超高齢社会型観光に向け、高齢者疑似体験を通して私たちができること

「心のバリアフリーおもてなし講座」を誌上レポート

ふくしまバリアフリーツアーセンター」センター長の佐藤由香利です。
今回、観光業者の皆様にバリアフリー対応を学んでいただく『心のバリアフリーおもてなし講座』(全4回)を企画運営し、講師も務めさせていただいています。

『心のバリアフリーおもてなし講座』は、高齢者や障がいある方々が安心して旅行を楽しんでいただくために、お客様対応のしかたや環境づくりなどを学んでいただく講座です。
第1回は座学にて概要をお届けしましたが、第2回では受講者のみなさんに実際のおもてなしを擬似的に体験していただく「高齢者疑似体験」を行い、大変好評をいただきました。ここではその模様をご紹介します。

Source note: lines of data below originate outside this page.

text \<open>\<open>\<sigma> = \<surd>3 \<theta>\<close>; in this variable all coefficients are rational.\<close>

lemma ode_rhs_sigma_form:
  fixes a b c u v w u' v' w' \<sigma> :: real
  assumes "u \<noteq> v" "u \<noteq> w" "v \<noteq> w"
    and u'_eq: "u' = c / (u - v) + b / (u - w)"
    and v'_eq: "v' = a / (v - w) + c / (v - u)"
    and w'_eq: "w' = b / (w - u) + a / (w - v)"
    and \<sigma>_eq: "\<sigma> = (u + v - 2 * w) / (u - v)"
  shows "(\<sigma> + 1) * (\<sigma> - 1) \<noteq> 0"
    and "(u' - v') * (u - v) * (\<sigma> + 1) * (\<sigma> - 1)
           = 2 * (c * (\<sigma> + 1) * (\<sigma> - 1) + b * (\<sigma> - 1) - a * (\<sigma> + 1))"
    and "(u' * (w - v) + v' * (u - w) + w' * (v - u)) * (\<sigma> + 1) * (\<sigma> - 1)
           = - c * \<sigma> * (\<sigma> + 1) * (\<sigma> - 1) + b * (3 - \<sigma>) * (\<sigma> - 1) + a * (\<sigma> + 3) * (\<sigma> + 1)"
proof -
  define x y z where "x = u - v" and "y = u - w" and "z = v - w"
  have ne: "x \<noteq> 0" "y \<noteq> 0" "z \<noteq> 0"
    using assms(1-3) by (auto simp: x_def y_def z_def)
  have x: "x = y - z"
    by (simp add: x_def y_def z_def)
  have diffs: "u - v = x" "u - w = y" "v - w = z" "v - u = - x" "w - u = - y" "w - v = - z"
    "u + v - 2 * w = y + z"
    by (simp_all add: x_def y_def z_def)
  have \<sigma>: "\<sigma> = (y + z) / x"
    by (simp add: \<sigma>_eq diffs)
  have \<sigma>_pm: "\<sigma> + 1 = 2 * y / x" "\<sigma> - 1 = 2 * z / x"
    using ne x by (simp_all add: \<sigma> field_simps)
  show "(\<sigma> + 1) * (\<sigma> - 1) \<noteq> 0"
    using ne by (simp add: \<sigma>_pm)
  show "(u' - v') * (u - v) * (\<sigma> + 1) * (\<sigma> - 1)
          = 2 * (c * (\<sigma> + 1) * (\<sigma> - 1) + b * (\<sigma> - 1) - a * (\<sigma> + 1))"
    unfolding u'_eq v'_eq diffs \<sigma>_pm using ne by (simp add: field_simps)
  show "(u' * (w - v) + v' * (u - w) + w' * (v - u)) * (\<sigma> + 1) * (\<sigma> - 1)
          = - c * \<sigma> * (\<sigma> + 1) * (\<sigma> - 1) + b * (3 - \<sigma>) * (\<sigma> - 1) + a * (\<sigma> + 3) * (\<sigma> + 1)"
    unfolding u'_eq v'_eq w'_eq diffs \<sigma>_pm unfolding \<sigma> using ne
    by (simp add: field_simps) (simp add: x algebra_simps)
qed

lemma sigma_cubic_quadratic_identity:
  fixes a b c \<sigma> :: real
  shows "(c * (\<sigma> + 1) * (\<sigma> - 1) + b * (\<sigma> - 1) - a * (\<sigma> + 1))
           * (- c * \<sigma> ^ 3 + (a - b) * \<sigma>\<^sup>2 + (4 * a + 4 * b + c) * \<sigma> + 3 * (a - b))
       + (- c * \<sigma> * (\<sigma> + 1) * (\<sigma> - 1) + b * (3 - \<sigma>) * (\<sigma> - 1) + a * (\<sigma> + 3) * (\<sigma> + 1))
           * (- c * \<sigma>\<^sup>2 + (a - b) * \<sigma> + (a + b + c)) = 0"
  by (simp add: algebra_simps power2_eq_square power3_eq_cube)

なお、今後のレポートのスケジュールは以下の通りです。

【「心のバリアフリーおもてなし講座」レポート記事配信予定】

■第1回講座(2023年2月7日開催)
 “誰もが楽しく旅ができるふくしま”へ【心のバリアフリー おもてなし講座】レポートVol.1

■第2回高齢者疑似体験(2月15日開催)
 “車いすに乗り当事者の立場になってみる”【心のバリアフリー おもてなし講座】レポートVol.2(この記事)

■第3回知的障がい・発達障がい疑似体験(2月27日開催)
 “誰もが楽しく旅ができるふくしま”へ【心のバリアフリー おもてなし講座】レポートVol.3

実際に体験して理解を深める

第1回の講座では、さまざまな障がいの特性や、どのような配慮をすると良いのかという接し方のポイントなどを説明しました。
そこで学んだ知識についてさらに理解を深めていただくには疑似体験が有効であるという考えから、第2回と第3回は疑似体験を企画しました。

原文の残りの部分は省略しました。